Recession-indicator jokes are everywhere — anything that hits at an intersection of vague nostalgia and bizarre disdain can be a sign of our tanking economy. Low-rise jeans back? Recession indicator. Tumblr being a fun website again? Recession indicator. It’s rare, however, that the recession indicator identifies itself, but that’s what Kesha did after announcing her new album, . (which, for the sake of ease, we’ll just call it Period), and her Tits Out Tour back in the spring.

Period doesn’t start out sounding much like a Kesha album. Its opening track, “FREEDOM.,” begins with a piano interlude, plaintive and lyrical. There’s no irony to the moment either. As Kesha sings long, sustained notes, there’s no hint or sign that things will turn. The inspirational beat goes on for nearly two minutes: a prolonged sigh of relief as the singer belts the title of the song. “Everything’s changed now,” she sings, and then the song devolves into drum, bass, and tambourine. The familiar Kesha emerges: talk-singing and cussing and boasting about her penchant for horny partying. The chorus may be gospel-inspired, but this is Kesha as she’s always been. “I only drink when I’m happy, and I’m drunk right now,” she says over and over and over again. For the first time in a long time, she wants the listener to know without a shadow of a doubt that she’s free.

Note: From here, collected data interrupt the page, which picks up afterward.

lemma private_pair_in_uncovered_triple:
  assumes T: "T \<subseteq> (N i - Y) \<union> A" "card T = 3"
    and uncovered: "\<And>r. r \<in> {1..l} \<Longrightarrow> \<not> T \<subseteq> N r"
    and Ij: "I j \<subseteq> {1..l}" "i \<in> I j"
    and common: "\<And>r. r \<in> I j - {i} \<Longrightarrow> A \<subseteq> N r"
    and x: "x \<in> T" "x \<in> N i" "x \<in> N r" "r \<in> I j - {i}"
  obtains y where "y \<in> T" "y \<in> N i - Y" "private_pair N I j i {x, y}"
proof -
  obtain y where y: "y \<in> T" "y \<notin> N r" using uncovered[of r] x(4) Ij(1) by blast
  then have y_Ni: "y \<in> N i - Y" using T(1) common[OF x(4)] by blast
  obtain c where c: "c \<in> T" "c \<notin> N i" using uncovered[of i] Ij by blast
  then have "c \<in> A" using T(1) by blast
  have "x \<noteq> y" "c \<noteq> x" "c \<noteq> y" using x y y_Ni c by blast+
  then have "card {x, y, c} = 3" by simp
  moreover have "{x, y, c} \<subseteq> T" using x y c by blast
  ultimately have T_eq: "T = {x, y, c}"
    using T(2) by (metis card_subset_eq card.infinite zero_neq_numeral)
  have "private_pair N I j i {x, y}"
    unfolding private_pair_def
  proof (intro conjI ballI)
    show "card {x, y} = 2" using \<open>x \<noteq> y\<close> by simp
    show "{x, y} \<subseteq> N i" using x y_Ni by blast
    show "\<not> {x, y} \<subseteq> N r'" if "r' \<in> I j - {i}" for r'
      using common[OF that] \<open>c \<in> A\<close> uncovered[of r'] that Ij(1) unfolding T_eq by blast
  qed
  with y(1) y_Ni show thesis by (rule that)
qed

lemma private_pair_from_common_vertices:
  fixes N :: "nat \<Rightarrow> 'a set" and A V Y :: "'a set"
  assumes Ni: "finite (N i)" "card (N i) = k" "N i \<subseteq> V"
    and prop_ii: "\<forall>S. S \<subseteq> V \<and> card S \<ge> k + 1 \<longrightarrow>
                    (\<exists>T\<subseteq>S. card T = 3 \<and> (\<forall>r\<in>{1..l}. \<not> T \<subseteq> N r))"
    and Ij: "I j \<subseteq> {1..l}" "i \<in> I j" "r0 \<in> I j - {i}"
    and A: "finite A" "card A = Suc j" "A \<subseteq> V" "A \<inter> N i = {}"
      "\<And>r. r \<in> I j - {i} \<Longrightarrow> A \<subseteq> N r"
    and Y: "Y \<subseteq> N i" "card Y \<le> j"
    and nonprivate: "w \<in> N i - Y" "r1 \<in> I j - {i}" "w \<in> N r1"
  shows "\<exists>p. private_pair N I j i p \<and> p \<subseteq> N i - Y \<and>
           ((\<exists>C. card C = 3 \<and> p \<subseteq> C \<and> C \<subseteq> (N i \<union> A) - Y \<and>
                 (\<forall>r\<in>{1..l}. C \<inter> (V - N r) \<noteq> {}))
            \<or> (\<exists>v\<in>p. private_vertex N I j i v))"
proof -
  have "card ((N i - Y) \<union> A) = k - card Y + Suc j"
    using card_Diff_Un_disjoint[of "N i" A Y] Ni A Y by (simp add: Int_commute)
  then have "k + 1 \<le> card ((N i - Y) \<union> A)" using Y(2) by linarith
  moreover have "(N i - Y) \<union> A \<subseteq> V" using Ni(3) A(3) by blast
  ultimately obtain T where T: "T \<subseteq> (N i - Y) \<union> A" "card T = 3"
      and uncovered: "\<And>r. r \<in> {1..l} \<Longrightarrow> \<not> T \<subseteq> N r"
    using prop_ii[rule_format, of "(N i - Y) \<union> A"] by blast
  have "\<not> T \<subseteq> A" using uncovered[of r0] A(5)[of r0] Ij by blast
  then obtain x where x: "x \<in> T" "x \<in> N i - Y" using T(1) by blast
  show ?thesis
  proof (cases "private_vertex N I j i x")
    case True
    then have "w \<noteq> x" using nonprivate unfolding private_vertex_def by blast
    then have "private_pair N I j i {x, w}"
      using private_pair_insert_private_vertex[OF True] nonprivate(1) by blast
    moreover have "{x, w} \<subseteq> N i - Y" using x nonprivate(1) by blast
    ultimately show ?thesis using True by (intro exI[of _ "{x, w}"]) blast
  next
    case False
    then obtain r where "r \<in> I j - {i}" "x \<in> N r"
      using x unfolding private_vertex_def by blast
    then obtain y where "y \<in> T" "y \<in> N i - Y" "private_pair N I j i {x, y}"
      using private_pair_in_uncovered_triple[where N = N and i = i and I = I and j = j,
          OF T uncovered Ij(1,2) A(5) x(1)] x(2) by blast
    moreover have "T \<subseteq> (N i \<union> A) - Y" using T(1) Y(1) A(4) by blast
    moreover have "T \<inter> (V - N r) \<noteq> {}" if "r \<in> {1..l}" for r
      using uncovered[OF that] T(1) Ni(3) A(3) by blast
    ultimately show ?thesis using T(2) x by (intro exI[of _ "{x, y}"]) blast
  qed
qed

definition kernel_column :: "(nat \<Rightarrow> nat \<Rightarrow> 'a) \<Rightarrow> nat \<Rightarrow> nat \<Rightarrow> 'a set" where
  "kernel_column a j i = {a s i | s. s \<le> j}"

lemma kernel_column_eq_image: "kernel_column a j i = (\<lambda>s. a s i) ` {..j}"
  unfolding kernel_column_def by auto

context
  fixes N :: "nat \<Rightarrow> 'a set" and l t :: nat and I :: "nat \<Rightarrow> nat set" and a :: "nat \<Rightarrow> nat \<Rightarrow> 'a"
  assumes run: "decomp_run N l I a t"
begin

lemma decomp_run_stage_antimono:
  assumes "s \<le> j" "j \<le> t"
  shows "I j \<subseteq> I s"
  using assms
proof (induction j rule: dec_induct)
  case base
  then show ?case by simp
next
  case (step n)
  then have "I (Suc n) \<subseteq> I n"
    using run unfolding decomp_run_def min_empty_subfam_def by auto
  with step show ?case by simp
qed

lemma decomp_run_stage_subset: "s \<le> t \<Longrightarrow> I s \<subseteq> {1..l}"
  using decomp_run_stage_antimono[of 0 s] run unfolding decomp_run_def by auto
lemma lmeasurable_compact_open_approx:
  fixes A :: "'a::euclidean_space set"
  assumes A: "A \<in> lmeasurable" and e: "e > 0"
  obtains K U where "compact K" "open U" "K \<subseteq> A" "A \<subseteq> U" "U - K \<in> lmeasurable"
    "measure lebesgue (U - K) < e"
proof -
  obtain K where K: "compact K" "K \<subseteq> A" "measure lebesgue (A - K) < e/2"
    using lmeasurable_inner_compact[OF A, of "e/2"] e by auto
  obtain U where U: "open U" "A \<subseteq> U" "U - A \<in> lmeasurable" "emeasure lebesgue (U - A) < ennreal (e/2)"
    using sets_lebesgue_outer_open[of A "e/2"] A e by (auto simp: fmeasurableD)
  have AK: "A - K \<in> lmeasurable"
    by (intro fmeasurable_Diff A fmeasurableD lmeasurable_compact K(1))
  have "U - K = (U - A) \<union> (A - K)" using U(2) K(2) by auto
  then have "U - K \<in> lmeasurable" "measure lebesgue (U - K) \<le> measure lebesgue (U - A) + measure lebesgue (A - K)"
    using U(3) AK by (auto simp: measure_Un_le fmeasurableD)
  then show thesis
    using that[OF K(1) U(1) K(2) U(2)] K(3) measure_less_if_emeasure_less[OF U(3,4)] by linarith
qed

lemma vanishes_at_0_L1_modulus_indicator:
  fixes A :: "real set"
  assumes "A \<in> lmeasurable"
  shows "vanishes_at_0 (L1_modulus (indicator A))"
  unfolding vanishes_at_0_def
proof (intro allI impI)
  fix e :: real assume "e > 0"
  then obtain K U where KU: "compact K" "open U" "K \<subseteq> A" "A \<subseteq> U" "U - K \<in> lmeasurable"
    "measure lebesgue (U - K) < e/2"
    using lmeasurable_compact_open_approx[OF assms, of "e/2"] by auto
  obtain d where d: "d > 0" "(\<Union>x\<in>K. ball x d) \<subseteq> U"
    using compact_subset_open_imp_ball_epsilon_subset[OF KU(1,2)] KU(3,4) by blast
  have "L1_modulus (indicator A) h < e" if h: "\<bar>h\<bar> < d" for h
  proof -
    have near: "x \<in> U" if "y \<in> K" "\<bar>x - y\<bar> < d" for x y
      using d(2) that by (force simp: dist_real_def)
    \<comment> \<open>A point where the indicator of A jumps under the shift lies in U - K before or after the shift.\<close>
    have jump: "\<bar>indicator A (x + h) - indicator A x :: real\<bar>
        \<le> indicator (U - K) (x + h) + indicator (U - K) x" for x
      using near[of "x + h" x] near[of x "x + h"] h KU(3,4) by (auto simp: indicator_def)
    have i: "integrable lebesgue (indicator (U - K) :: real \<Rightarrow> real)"
      using KU(5) by (simp add: lmeasurable_iff_integrable)
    have "L1_modulus (indicator A) h
        \<le> (LINT x|lebesgue. indicator (U - K) (x + h) + indicator (U - K) x :: real)"
      unfolding L1_modulus_def using jump
      by (intro integral_mono' Bochner_Integration.integrable_add integrable_translate_real i) auto
    also have "\<dots> = 2 * measure lebesgue (U - K)"
      using i integrable_translate_real[OF i, of h] integral_translate_real[of "indicator (U - K) :: real \<Rightarrow> real" h]
      by simp
    finally show ?thesis using KU(6) by linarith
  qed
  then show "\<exists>d>0. \<forall>h. \<bar>h\<bar> < d \<longrightarrow> L1_modulus (indicator A) h < e"
    using d(1) by blast
qed

lemma L1_modulus_add_le:
  fixes f g :: "real \<Rightarrow> real"
  assumes "integrable lebesgue f" "integrable lebesgue g"
  shows "L1_modulus (\<lambda>x. f x + g x) h \<le> L1_modulus f h + L1_modulus g h"
proof -
  have i: "integrable lebesgue (\<lambda>x. \<bar>f (x + h) - f x\<bar>)" "integrable lebesgue (\<lambda>x. \<bar>g (x + h) - g x\<bar>)"
    using assms by (auto intro: integrable_translate_diff)
  have "L1_modulus (\<lambda>x. f x + g x) h \<le> (LINT x|lebesgue. \<bar>f (x + h) - f x\<bar> + \<bar>g (x + h) - g x\<bar>)"
    unfolding L1_modulus_def using i by (intro integral_mono') auto
  then show ?thesis unfolding L1_modulus_def using i by simp
qed
(* Let $d\ge2$ and let $A$ be a subset of $\Delta\cap B_{\rm o}$. Then (1) $A$ is a germ if and only if $A\subseteq A^*$; (2) $A$ is a maximal germ if and only if $A=A^*$. In particular, a subset of $\Delta$ is a maximal germ if and only if it is a qplex.
   Context: Fix an integer $d\ge 2$. $\langle\cdot,\cdot\rangle$ is the standard inner product on $\mathbb{R}^{d^2}$, $\|\cdot\|$ the Euclidean norm. $\Delta=\{p\in\mathbb{R}^{d^2}: p(i)\ge0,\ \sum_ip(i)=1\}$; $H=\{u\in\mathbb{R}^{d^2}:\sum_i u(i)=1\}$; $c=(1/d^2,\dots,1/d^2)$. For $A\subseteq H$ the polar is $A^*=\{u\in H:\langle u,v\rangle\ge\frac{1}{d(d+1)}\ \forall v\in A\}$. The out-ball is $B_{\rm o}=\{u\in H:\|u-c\|\le r_{\rm o}\}$ with $r_{\rm o}^2=\frac{d-1}{d^2(d+1)}$ (equivalently $\langle u,u\rangle\le\frac{2}{d(d+1)}$). A subset $A\subseteq\Delta$ is a germ if $\frac{1}{d(d+1)}\le\langle p,s\rangle\le\frac{2}{d(d+1)}$ for all $p,s\in A$ (including $p=s$); a germ is maximal if no point of $\Delta$ can be added to it while keeping it a germ. A qplex is a set $Q\subseteq\Delta\cap B_{\rm o}$ with $Q^*=Q$. *)

theory Defs
  imports Main "HOL-Library.Cardinality" Complex_Main
begin

text \<open>Vectors in R^(d^2) are functions from a finite index type 'n with CARD('n) = d^2.\<close>

definition ip :: "('n::finite \<Rightarrow> real) \<Rightarrow> ('n \<Rightarrow> real) \<Rightarrow> real" where
  "ip u v = (\<Sum>i\<in>UNIV. u i * v i)"

definition vnorm :: "('n::finite \<Rightarrow> real) \<Rightarrow> real" where
  "vnorm u = sqrt (ip u u)"

definition simplex :: "('n::finite \<Rightarrow> real) set" where
  "simplex = {p. (\<forall>i. 0 \<le> p i) \<and> (\<Sum>i\<in>UNIV. p i) = 1}"

definition hyp :: "('n::finite \<Rightarrow> real) set" where
  "hyp = {u. (\<Sum>i\<in>UNIV. u i) = 1}"
lemma sum_UNIV_eidx:
  "(\<Sum>a\<in>UNIV. f a) = f ET + (\<Sum>i\<in>UNIV. f (EQ (i::'n::finite)))"
proof -
  have "(\<Sum>a\<in>UNIV. f a) = f ET + sum f (range (EQ :: 'n \<Rightarrow> 'n eidx))"
    by (simp add: UNIV_eidx sum.insert_if image_iff)
  also have "sum f (range EQ) = (\<Sum>i\<in>UNIV. f (EQ i))"
    by (subst sum.reindex) (auto simp: inj_def)
  finally show ?thesis .
qed

lemma sum_UNIV_jidx:
  "(\<Sum>a\<in>UNIV. f a) = f JT + (\<Sum>i\<in>UNIV. f (JQ (i::'n::finite))) + (\<Sum>i\<in>UNIV. f (JP i))"
proof -
  have "(\<Sum>a\<in>UNIV. f a) = f JT + sum f (range (JQ :: 'n \<Rightarrow> 'n jidx) \<union> range JP)"
    by (simp add: UNIV_jidx sum.insert_if image_iff)
  also have "sum f (range JQ \<union> range JP) = sum f (range JQ) + sum f (range JP)"
    by (rule sum.union_disjoint) auto
  also have "sum f (range JQ) = (\<Sum>i\<in>UNIV. f (JQ i))"
    by (subst sum.reindex) (auto simp: inj_def)
  also have "sum f (range JP) = (\<Sum>i\<in>UNIV. f (JP i))"
    by (subst sum.reindex) (auto simp: inj_def)
  finally show ?thesis by (simp add: add.assoc)
qed

lemma has_derivative_piJ: "(piJ has_derivative piJ) (at z)"
  unfolding piJ_def by (auto intro!: derivative_eq_intros)

lemma differentiable_comp_piJ [simp]:
  "f differentiable (at (piJ z)) \<Longrightarrow> (\<lambda>z. f (piJ z)) differentiable (at z)"
  using differentiable_compose[of f piJ z UNIV] has_derivative_piJ differentiable_def by blast

lemma differentiable_pJ [simp]: "(\<lambda>z. pJ z i) differentiable (at z)"
  unfolding pJ_def differentiable_def
  by (rule exI, rule bounded_linear_imp_has_derivative)
    (intro bounded_linear_compose[OF bounded_linear_vec_nth]
      bounded_linear_compose[OF bounded_linear_snd] bounded_linear_snd)

lemma pd_comp_piJ [simp]: "pd w (\<lambda>z. f (piJ z)) z = pd (piJ w) f (piJ z)"
  unfolding pd_def by (simp add: piJ_def)

lemma pd_pJ [simp]: "pd w (\<lambda>z. pJ z i) z = pJ w i"
  unfolding pd_def pJ_def
  by (rule DERIV_imp_deriv) (auto intro!: derivative_eq_intros)

lemma piJ_bJ [simp]: "piJ (bJ JT) = bE ET" "piJ (bJ (JQ i)) = bE (EQ i)" "piJ (bJ (JP i)) = 0"
  by (simp_all add: piJ_def zero_prod_def)

lemma pJ_bJ [simp]:
  "pJ (bJ JT) j = 0" "pJ (bJ (JQ i)) j = 0" "pJ (bJ (JP i)) j = (if j = i then 1 else 0)"
  by (simp_all add: pJ_def axis_def)

section \<open>Lie derivatives of the lifted tensor\<close>

lemma bracket_coordvf: "bracket b X (coordvf c) a x = - pd (b c) (X a) x"
  unfolding bracket_def coordvf_def
  by (simp add: sum_negf if_distrib[where f = "\<lambda>u. u * w" for w] cong: if_cong)

lemma lieT_eq:
  "lieT b X T a c = (\<lambda>x. (\<Sum>d\<in>UNIV. X d x * pd (b d) (T a c) x)
     - (\<Sum>d\<in>UNIV. T d c x * pd (b d) (X a) x) + (\<Sum>d\<in>UNIV. T a d x * pd (b c) (X d) x))"
  unfolding lieT_def tact_def bracket_coordvf
  by (simp add: fun_eq_iff bracket_def sum_subtractf sum_negf)

lemma tform_eq: "tform T \<alpha> c = (\<lambda>x. \<Sum>a\<in>UNIV. \<alpha> a x * T a c x)"
  by (simp add: fun_eq_iff tform_def)

lemma lieT_vlift_form_clift_tens:
  fixes R :: "'n::finite eidx \<Rightarrow> 'n eidx \<Rightarrow> real \<times> (real^'n) \<Rightarrow> real"
  assumes R: "\<forall>a c. smoothf (R a c)" and R_ET: "\<And>c x. R ET c x = 0"
    and \<alpha>: "\<forall>a. smoothf (\<alpha> a)"
  shows "lieT bJ (vlift_form \<alpha>) (clift_tens R) =
    vlift_cov2 (\<lambda>a c x. - contr2 R (dform bE \<alpha>) a c x + dform bE (tform R \<alpha>) a c x)"
  apply (intro ext)
  subgoal for A C z
    apply (cases A; cases C)
    apply (simp_all add: lieT_eq sum_UNIV_jidx clift_tens.simps[abs_def] vlift_form.simps[abs_def]
        R \<alpha> pd_sum pd_mult pd_diff pd_add contr2_def dform_def tform_eq sum_UNIV_eidx R_ET
        if_distrib[where f = "\<lambda>u. u * w" for w]
        del: bJ.simps bE.simps cong: if_cong)
    apply (simp_all add: sum_subtractf sum.distrib algebra_simps)
    done
  done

Kesha the pop star was born out of the 2008 recession — her hit feature on Flo Rida’s “Right Round” hit radios the first week of January 2009, and her first solo track, “Tik Tok” (app unrelated), arrived by late summer. Her first two albums, Animal and Warrior, were platonic ideals of early 2010s pop: synthy and dirty, more inspired by mashups and remixes than anything organic. As a star, Kesha professed a wild reputation, though a then-MTV show called Kesha: My Crazy Beautiful Life showed her to be mostly anything but. What happened next is well-documented. In 2014, Kesha went to rehab and sued her then-producer, Dr. Luke, for emotional and sexual abuse. She went on to make three more albums under Luke’s label, Kemosabe Records, before the lawsuit was settled out of court, at long last, in 2023.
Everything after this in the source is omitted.